8 Where temperature ranges are indicated, the systems shall be capable of maintaining the rooms at any point within the range. A single figure indicates a heating or cooling capacity of at least the indicated temperature. This is usually applicable when patients may be undressed and require a warmer environment. Additional heating may be required in these areas to maintain temperature range. Nothing in these rules shall be construed as precluding the use of temperatures lower than those noted when the patients’ comfort and medical conditions make lower temperatures desirable. Unoccupied areas such as storage rooms shall have temperatures appropriate for the function intended.

9 NIOSH Criteria Documents regarding Occupational Exposure to Waste Anesthetic Gases and Vapors, and Control of Occupational Exposure to Nitrous Oxide indicate a need for both local exhaust (scavenging) systems and general ventilation of the areas in which the respective gases are utilized.

10 When required, appropriate hoods and exhaust devices for the removal of noxious gases or chemical vapors shall be provided. Laboratory hoods shall meet the following general standards.

1. Have an average face velocity of at least 75 feet per minute.
2. Be connected to an exhaust system to the outside which is separate from the building exhaust system.
3. Have an exhaust fan located at the discharge end of the system.
4. Have an exhaust duct system of noncombustible corrosion-resistant material as needed to meet the planned usage of the hood.

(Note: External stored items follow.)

lemma collision_free_invariant:
  assumes sol: "hamiltonian_solution q p" and ordered: "\<forall>u\<in>{0..T}. q u 2 < q u 1"
    and norm: "(p 0 1)\<^sup>2 + (p 0 2)\<^sup>2 + 2 * p 0 1 * p 0 2 * exp (- \<bar>q 0 1 - q 0 2\<bar>) = 1"
    and t: "t \<in> {0..T}"
  shows "(p 0 1 + p 0 2)\<^sup>2 * (1 + exp (- (q t 1 - q t 2)))
    + (p t 1 - p t 2)\<^sup>2 * (1 - exp (- (q t 1 - q t 2))) = 2"
proof -
  have "q 0 2 < q 0 1"
    using ordered t by auto
  then show ?thesis
    using sum_difference_split[of "p t 1" "p t 2"] norm
      momentum_conserved[OF sol ordered t] energy_conserved[OF sol ordered t]
    by simp
qed

lemma neg_ln_bound_of_invariant:
  fixes s d E :: real
  assumes "1 < \<bar>s\<bar>" "0 < E" "E < 1" and inv: "s\<^sup>2 * (1 + E) + d\<^sup>2 * (1 - E) = 2"
  shows "0 < - ln (2 / s\<^sup>2 - 1)" and "- ln (2 / s\<^sup>2 - 1) \<le> - ln E"
proof -
  have "1 < s\<^sup>2"
    using \<open>1 < \<bar>s\<bar>\<close> one_less_power[of "\<bar>s\<bar>" 2] by simp
  moreover from this have "0 < s\<^sup>2"
    by linarith
  moreover have "s\<^sup>2 * (1 + E) \<le> 2"
    using inv \<open>E < 1\<close> by (smt (verit) mult_nonneg_nonneg zero_le_power2)
  moreover have "0 < s\<^sup>2 * E"
    using \<open>1 < s\<^sup>2\<close> \<open>0 < E\<close> by (intro mult_pos_pos) auto
  ultimately have "E \<le> 2 / s\<^sup>2 - 1" "0 < 2 / s\<^sup>2 - 1" "2 / s\<^sup>2 - 1 < 1"
    by (simp_all add: field_simps)
  then show "0 < - ln (2 / s\<^sup>2 - 1)" and "- ln (2 / s\<^sup>2 - 1) \<le> - ln E"
    using \<open>0 < E\<close> by simp_all
qed

lemma momentum_difference_positive:
  assumes sol: "hamiltonian_solution q p" and ordered: "\<forall>u\<in>{0..T}. q u 2 < q u 1"
    and norm: "(p 0 1)\<^sup>2 + (p 0 2)\<^sup>2 + 2 * p 0 1 * p 0 2 * exp (- \<bar>q 0 1 - q 0 2\<bar>) = 1"
    and slow: "\<bar>p 0 1 + p 0 2\<bar> \<le> 1" and initial: "p 0 2 < p 0 1"
    and t: "t \<in> {0..T}"
  shows "p t 2 < p t 1"
proof (rule ccontr)
  assume "\<not> p t 2 < p t 1"
  have "continuous_on {0..t} (\<lambda>u. p u 1 - p u 2)"
    using hamiltonian_solution_continuous_on(2)[OF sol, of 1] hamiltonian_solution_continuous_on(2)[OF sol, of 2]
    by (intro continuous_on_diff) (auto intro: continuous_on_subset)
  then obtain u where u: "0 \<le> u" "u \<le> t" "p u 1 - p u 2 = 0"
    using IVT2'[of "\<lambda>u. p u 1 - p u 2" t 0 0] \<open>\<not> p t 2 < p t 1\<close> initial t by auto
  then have "u \<in> {0..T}" "exp (- (q u 1 - q u 2)) < 1"
    using t ordered by auto
  moreover have "(p 0 1 + p 0 2)\<^sup>2 \<le> 1"
    using slow abs_square_le_1 by blast
  ultimately have "(p 0 1 + p 0 2)\<^sup>2 * (1 + exp (- (q u 1 - q u 2))) < 2"
    by (smt (verit) mult_left_le_one_le exp_gt_zero zero_le_power2)
  then show False
    using collision_free_invariant[OF sol ordered norm \<open>u \<in> {0..T}\<close>] u by simp
qed

lemma separation_nondecreasing:
  assumes sol: "hamiltonian_solution q p" and ordered: "\<forall>u\<in>{0..T}. q u 2 < q u 1"
    and norm: "(p 0 1)\<^sup>2 + (p 0 2)\<^sup>2 + 2 * p 0 1 * p 0 2 * exp (- \<bar>q 0 1 - q 0 2\<bar>) = 1"
    and slow: "\<bar>p 0 1 + p 0 2\<bar> \<le> 1" and initial: "p 0 2 < p 0 1"
    and t: "t \<in> {0..T}"
  shows "q 0 1 - q 0 2 \<le> q t 1 - q t 2"
proof (rule DERIV_nonneg_imp_increasing_open[of 0 t "\<lambda>u. q u 1 - q u 2"])
  show "continuous_on {0..t} (\<lambda>u. q u 1 - q u 2)"
    using hamiltonian_solution_continuous_on(1)[OF sol, of 1] hamiltonian_solution_continuous_on(1)[OF sol, of 2]
    by (intro continuous_on_diff) (auto intro: continuous_on_subset)
  fix u assume u: "0 < u" "u < t"
  then have "u \<in> {0..T}"
    using t by auto
  note ode = hamiltonian_solution_peakon_ode[OF sol _ ordered[rule_format, OF this]]
  have "((\<lambda>u. q u 1 - q u 2) has_real_derivative
      (p u 1 - p u 2) * (1 - exp (- (q u 1 - q u 2)))) (at u within {0<..})"
    using DERIV_diff[OF ode(1) ode(2)] u by (auto intro: DERIV_subset simp: algebra_simps)
  then have "((\<lambda>u. q u 1 - q u 2) has_real_derivative
      (p u 1 - p u 2) * (1 - exp (- (q u 1 - q u 2)))) (at u)"
    using at_within_open[of u "{0<..}"] u by simp
  moreover have "0 \<le> (p u 1 - p u 2) * (1 - exp (- (q u 1 - q u 2)))"
  proof (rule mult_nonneg_nonneg)
    show "0 \<le> p u 1 - p u 2"
      using momentum_difference_positive[OF sol ordered norm slow initial \<open>u \<in> {0..T}\<close>] by simp
    show "0 \<le> 1 - exp (- (q u 1 - q u 2))"
      using ordered \<open>u \<in> {0..T}\<close> by force
  qed
  ultimately show "\<exists>y. ((\<lambda>u. q u 1 - q u 2) has_real_derivative y) (at u) \<and> 0 \<le> y"
    by blast
qed (use t in simp)

lemma positive_if_bounded_away_while_positive:
  fixes f :: "real \<Rightarrow> real"
  assumes cont: "continuous_on {0..} f" and "0 < f 0" "0 < \<delta>"
    and bound: "\<And>T t. \<forall>u\<in>{0..T}. 0 < f u \<Longrightarrow> t \<in> {0..T} \<Longrightarrow> \<delta> \<le> f t"
    and "0 \<le> t"
  shows "0 < f t"
proof (rule ccontr)
  assume "\<not> 0 < f t"
  have "\<delta> \<le> f 0"
    using bound[of 0 0] \<open>0 < f 0\<close> by simp
  have IVT: "\<exists>x. 0 \<le> x \<and> x \<le> u \<and> f x = \<delta> / 2" if "0 \<le> u" "f u \<le> \<delta> / 2" for u
  proof (rule IVT2')
    show "continuous_on {0..u} f"
      using cont by (rule continuous_on_subset) auto
  qed (use that \<open>\<delta> \<le> f 0\<close> \<open>0 < \<delta>\<close> in auto)
  define S where "S = {x \<in> {0..t}. f x = \<delta> / 2}"
  have "S \<noteq> {}"
    using IVT[of t] \<open>\<not> 0 < f t\<close> \<open>0 < \<delta>\<close> \<open>0 \<le> t\<close> by (auto simp: S_def)
  have "closed S"
    unfolding S_def by (rule continuous_closed_preimage_constant[OF continuous_on_subset[OF cont]]) auto
  moreover have "bounded S"
    unfolding S_def by (rule bounded_subset[of "{0..t}"]) auto
  ultimately have "compact S"
    by (simp add: compact_eq_bounded_closed)
  moreover note \<open>S \<noteq> {}\<close>
  ultimately obtain t\<^sub>0 where "t\<^sub>0 \<in> S" and first: "\<And>x. x \<in> S \<Longrightarrow> t\<^sub>0 \<le> x"
    using compact_attains_inf[of S] by auto
  have "0 < f u" if u: "u \<in> {0..t\<^sub>0}" for u
  proof (rule ccontr)
    assume "\<not> 0 < f u"
    have "t\<^sub>0 \<le> t" "f t\<^sub>0 = \<delta> / 2"
      using \<open>t\<^sub>0 \<in> S\<close> by (simp_all add: S_def)
    obtain x where "0 \<le> x" "x \<le> u" "f x = \<delta> / 2"
      using IVT[of u] u \<open>\<not> 0 < f u\<close> \<open>0 < \<delta>\<close> by fastforce
    then have "x \<in> S"
      using u \<open>t\<^sub>0 \<le> t\<close> by (simp add: S_def)
    then have "u = t\<^sub>0"
      using first[of x] \<open>x \<le> u\<close> u by simp
    then show False
      using \<open>f t\<^sub>0 = \<delta> / 2\<close> \<open>\<not> 0 < f u\<close> \<open>0 < \<delta>\<close> by simp
  qed
  then have "\<delta> \<le> f t\<^sub>0"
    using bound[of t\<^sub>0 t\<^sub>0] \<open>t\<^sub>0 \<in> S\<close> by (auto simp: S_def)
  then show False
    using \<open>t\<^sub>0 \<in> S\<close> \<open>0 < \<delta>\<close> by (auto simp: S_def)
qed

lemma separation_bounded_away_while_collision_free:
  assumes sol: "hamiltonian_solution q p" and init: "q 0 2 < q 0 1"
    and norm: "(p 0 1)\<^sup>2 + (p 0 2)\<^sup>2 + 2 * p 0 1 * p 0 2 * exp (- \<bar>q 0 1 - q 0 2\<bar>) = 1"
    and cond: "1 < \<bar>p 0 1 + p 0 2\<bar> \<or> 0 < p 0 1 - p 0 2"
  obtains \<delta> where "0 < \<delta>"
    and "\<And>T t. \<forall>u\<in>{0..T}. q u 2 < q u 1 \<Longrightarrow> t \<in> {0..T} \<Longrightarrow> \<delta> \<le> q t 1 - q t 2"
proof (cases "1 < \<bar>p 0 1 + p 0 2\<bar>")
  case True
  have "0 < - ln (2 / (p 0 1 + p 0 2)\<^sup>2 - 1)"
    using neg_ln_bound_of_invariant(1)[OF True exp_gt_zero _
        collision_free_invariant[OF sol _ norm, of 0 0]] init by simp
  moreover have "- ln (2 / (p 0 1 + p 0 2)\<^sup>2 - 1) \<le> q t 1 - q t 2"
    if ordered: "\<forall>u\<in>{0..T}. q u 2 < q u 1" and t: "t \<in> {0..T}" for T t
    using neg_ln_bound_of_invariant(2)[OF True exp_gt_zero _
        collision_free_invariant[OF sol ordered norm t]] ordered t by simp
  ultimately show thesis
    by (rule that)
next
  case False
  with cond have "p 0 2 < p 0 1"
    by simp
  show thesis
    using separation_nondecreasing[OF sol _ norm _ \<open>p 0 2 < p 0 1\<close>] False init
    by (intro that[of "q 0 1 - q 0 2"]) simp_all
qed

theorem lemma2:
  fixes q p :: "real \<Rightarrow> nat \<Rightarrow> real"
  assumes sol: "hamiltonian_solution q p"
    and init: "q 0 1 > q 0 2"
    and norm: "(p 0 1)\<^sup>2 + (p 0 2)\<^sup>2 + 2 * p 0 1 * p 0 2 * exp (- \<bar>q 0 1 - q 0 2\<bar>) = 1"
    and cond: "\<bar>p 0 1 + p 0 2\<bar> > 1 \<or> p 0 1 - p 0 2 > 0"
  shows "(\<exists>\<delta>>0. \<forall>t\<ge>0. \<bar>q t 1 - q t 2\<bar> \<ge> \<delta>) \<and> (\<forall>t\<ge>0. q t 1 > q t 2)"
proof -
  obtain \<delta> where "0 < \<delta>" and bound:
    "\<And>T t. \<forall>u\<in>{0..T}. q u 2 < q u 1 \<Longrightarrow> t \<in> {0..T} \<Longrightarrow> \<delta> \<le> q t 1 - q t 2"
    using separation_bounded_away_while_collision_free[OF sol init norm cond] by blast
  have "continuous_on {0..} (\<lambda>t. q t 1 - q t 2)"
    using hamiltonian_solution_continuous_on(1)[OF sol] by (intro continuous_on_diff) auto
  then have ordered: "0 < q t 1 - q t 2" if "0 \<le> t" for t
  proof (rule positive_if_bounded_away_while_positive[OF _ _ \<open>0 < \<delta>\<close>])
    show "\<delta> \<le> q t' 1 - q t' 2" if "\<forall>u\<in>{0..T}. 0 < q u 1 - q u 2" "t' \<in> {0..T}" for T t'
      using bound that by simp
  qed (use init that in simp_all)
  moreover have "\<delta> \<le> \<bar>q t 1 - q t 2\<bar>" if "0 \<le> t" for t
  proof -
    have "\<delta> \<le> q t 1 - q t 2"
      by (rule bound[of t]) (use ordered that in auto)
    then show ?thesis
      by simp
  qed
  ultimately have "\<forall>t\<ge>0. q t 2 < q t 1" "\<forall>t\<ge>0. \<delta> \<le> \<bar>q t 1 - q t 2\<bar>"
    by simp_all
  then show ?thesis
    using \<open>0 < \<delta>\<close> by blast
qed

end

Laboratory hoods shall meet the following special standards:

1. Fume hoods and their associated equipment in the air stream, intended for use with perchloric acid and other strong oxidants, shall be constructed of stainless steel or other material consistent with special exposures, and be provided with a water wash and drain system to permit periodic flushing of duct and hood. Electrical equipment intended for installation within the duct shall be designed and constructed to resist penetration by water. Lubricants and seals shall not contain organic materials. When perchloric acid or other strong oxidants are only transferred from one container to another, standard laboratory fume hoods and associated equipment may be used in lieu of stainless steel construction. Fume hood intended for use with radioactive isotopes shall be constructed of stainless steel or other material suitable for the particular exposure and shall comply with National Fire Protection Association 801, Facilities for Handling Radioactive Materials, 2003 Edition (NFPA 801).


2. In new installations and construction or major renovation work, each hood used to process infectious or radioactive materials shall have a minimum face velocity of 150 feet per minute with suitable static pressure operated dampers and alarms to alert staff of fan shutdown. Each hood shall have filters with an efficiency of 99.97% (based on the dioctyl-phtalate test method) in the exhaust stream, and be designed and equipped to permit the removal, disposal, and replacement of contaminated filters. Filters shall be as close to the hood as practical to minimize duct contamination. Hoods that process radioactive materials shall meet the requirements of the Nuclear Regulatory Commission.

11 Differential pressure shall be a minimum of 0.01 inch water gauge. If alarms are installed, allowances shall be made to prevent nuisance alarms of monitoring devices.

12 Some surgeons may require room temperatures that are outside of the indicated range. All operating room design conditions shall be developed in consultation with surgeons, anesthesiologists, infection control and nursing staff.